Some lines of these records may hold the word "auto"; state how many, using only the number.

* **Source records**

+-------+

lemma ratio_moment_tendsto:
  assumes m_lim: "filterlim m at_top sequentially"
    and m_le: "\<forall>\<^sub>F j in sequentially. real_of_int (m j) \<le> sqrt (real j)"
    and "k \<le> 4"
  shows "((\<lambda>j. ratio_moment j (m j) k) \<longlongrightarrow> moment_poly k 1 0 (1/4) (1/4) (1/4) (1/4)) sequentially"
proof -
  have range: "\<forall>\<^sub>F j in sequentially. 1 \<le> m j \<and> m j + 2 \<le> int j"
    using eventually_moment_range[OF m_lim m_le] .
  have V_lim: "((\<lambda>j. scaled_ladder_sq j (m j + r)) \<longlongrightarrow> 1/4) sequentially" if "- 2 \<le> r" "r \<le> 1" for r
  proof (rule scaled_ladder_sq_tendsto)
    show "\<forall>\<^sub>F j in sequentially. \<bar>real_of_int (m j + r)\<bar> \<le> sqrt (real j) + 2"
      using range m_le by eventually_elim (use that in auto)
  qed
  have "((\<lambda>j. 1 / real_of_int (m j)) \<longlongrightarrow> 0) sequentially"
    using tendsto_inverse_0_at_top[OF filterlim_compose[OF filterlim_real_of_int_at_top m_lim]]
    by (simp add: inverse_eq_divide o_def)
  with V_lim[of "- 2"] V_lim[of "- 1"] V_lim[of 0] V_lim[of 1] have
    "((\<lambda>j. moment_poly k (cos (arcsin (real_of_int (m j) / real j))) (1 / real_of_int (m j))
        (scaled_ladder_sq j (m j - 2)) (scaled_ladder_sq j (m j - 1)) (scaled_ladder_sq j (m j))
        (scaled_ladder_sq j (m j + 1))) \<longlongrightarrow> moment_poly k 1 0 (1/4) (1/4) (1/4) (1/4)) sequentially"
    using range m_le by (intro tendsto_moment_poly \<open>k \<le> 4\<close> cos_arcsin_ratio_tendsto) (auto elim: eventually_mono)
  then show ?thesis
    by (rule Lim_transform_eventually) (use range \<open>k \<le> 4\<close> in \<open>auto elim!: eventually_mono simp: ratio_moment_formula\<close>)
qed
(* Let $D=N_1\ltimes\dots\ltimes N_n$ be the dynamics of an $\mathrm{RNC}_+$ with input domain $U$, let $D'=\langle U,X',f\rangle$ be subdynamics of $D$, let $\lambda_\Sigma:U\to\Sigma$ be a symbol grounding and $u_e\in U$. For every $i\in[n]$ and every $\vec x,\vec y\in X'_{[i]}$, if $\bar\rho_i(\vec x)=\bar\rho_i(\vec y)$ then $\vec x\sim\vec y$.
   Context: Neuron $N_i$ has state update $f_i(x_i,\langle u,x_1,\dots,x_{i-1}\rangle)=\tanh(w_i x_i+\beta_i(u,x_1,\dots,x_{i-1}))$ with $w_i>0$ and $\beta_i$ a feedforward network; $\bar f_i(\langle x_1,\dots,x_i\rangle,u)=\langle f_1(x_1,u_1),\dots,f_i(x_i,u_i)\rangle$ with $u_j=\langle u,x_1,\dots,x_{j-1}\rangle$. $X'\subseteq X_1\times\dots\times X_n$ satisfies $f(X'\times U)\subseteq X'$, and $X'_{[i]}=\{\langle z_1,\dots,z_i\rangle:\exists z_{i+1},\dots,z_n,\ \langle z_1,\dots,z_n\rangle\in X'\}$. For $\vec x=\langle x_1,\dots,x_i\rangle$, define $x_{j,0}=x_j$, $x_{j,t}=f_j(x_{j,t-1},\langle u_e,x_{1,t-1},\dots,x_{j-1,t-1}\rangle)$, let $\mathcal{S}^*_j(u_e,x_1,\dots,x_j)=\lim_t x_{j,t}$ (this limit exists) and $\bar{\mathcal{S}}^*_i(u_e,\vec x)=\langle\mathcal S^*_1(u_e,x_1),\dots,\mathcal S^*_i(u_e,x_1,\dots,x_i)\rangle$. On $X'_{[i]}$: $\sim_e$ is the smallest equivalence relation with $\vec x\sim_e\vec y$ whenever $\bar{\mathcal S}^*_i(u_e,\vec x)=\bar{\mathcal S}^*_i(u_e,\vec y)$; $\sim$ is the smallest equivalence relation containing $\sim_e$ and such that $\vec x\sim\vec y$ implies $\bar f_i(\vec x,u)\sim\bar f_i(\vec y,v)$ for all $u,v\in U$ with $\lambda_\Sigma(u)=\lambda_\Sigma(v)$; $[\vec x]$ denotes the $\sim$-class. Pivots: for neuron $j$ with $w_j>1$, let $p_-^{(j)},p_+^{(j)}$ be the pivots $p_-=p_-^{v_-}$, $p_+=p_+^{v_+}$ of $g_v(x)=x-\tanh(w_jx+v)$, where $p_-^v<p_+^v$ are the local maximum/minimum points of $g_v$ and $v_-$ (resp. $v_+$) is the unique $v$ with $g_v(p_-^v)=0$ (resp. $g_v(p_+^v)=0$). Let $\kappa_j(x)=1$ if $x\le p_-^{(j)}$, $2$ if $p_-^{(j)}<x<p_+^{(j)}$, $3$ if $p_+^{(j)}\le x$ (when $w_j\le1$, $\kappa_j$ is an arbitrary map into $\{1,2,3\}$). Set $\eta_j(x_1,\dots,x_j)=\kappa_j(\mathcal S^*_j(u_e,x_1,\dots,x_j))$, $\bar\eta_i(\vec x)=\langle\eta_1(x_1),\dots,\eta_i(x_1,\dots,x_i)\rangle\in\{1,2,3\}^i$, and $\bar\rho_i(\vec x)=\min\bar\eta_i([\vec x])$, the minimum in the lexicographic order on $\{1,2,3\}^i$. *)

theory Defs
  imports Complex_Main "HOL-Library.List_Lexorder"
begin
theorem mainTheorem9:
  fixes S :: "'a::linorder list" and k r :: nat
    and p :: "nat \<Rightarrow> 'a list list" and I J :: "nat \<Rightarrow> nat"
  assumes "length S \<ge> 2"
    and "\<forall>c. last S \<le> c"
    and "last S \<notin> set (butlast S)"
    and "1 \<le> k" and "k < length S"
    and "\<forall>l<r. length (p l) \<ge> 2 \<and> distinct (p l) \<and> set (p l) \<subseteq> dbg_nodes S k"
    and "\<forall>l<r. \<forall>l'<r. l \<noteq> l' \<longrightarrow> set (p l) \<inter> set (p l') = {}"
    and "\<forall>l<r. \<forall>t. t + 1 < length (p l) \<longrightarrow>
           {y. is_edge S k (p l ! t) y} = {p l ! (t + 1)} \<and>
           {x. is_edge S k x (p l ! (t + 1))} = {p l ! t}"
    and "\<forall>z. fusible S k z \<longrightarrow>
           (\<exists>l<r. \<exists>t. t + 1 < length (p l) \<and> take k z = p l ! t \<and> drop 1 z = p l ! (t + 1))"
    and "\<forall>l<r. {I l..J l} = xint S (last (p l))"
  shows "length [BWT S i. i \<leftarrow> [0..<length S],
            i \<notin> {(LF S ^^ t) y | l t y. l < r \<and> I l < y \<and> y \<le> J l \<and> t < length (p l) - 1}]
         = m_red S k"
proof -
  interpret tunneling S k r p I J
    using assms by unfold_locales auto
  show ?thesis
    using length_tunneled_BWT unfolding tunneled_def .
qed

end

+-------+

* **Task result**
4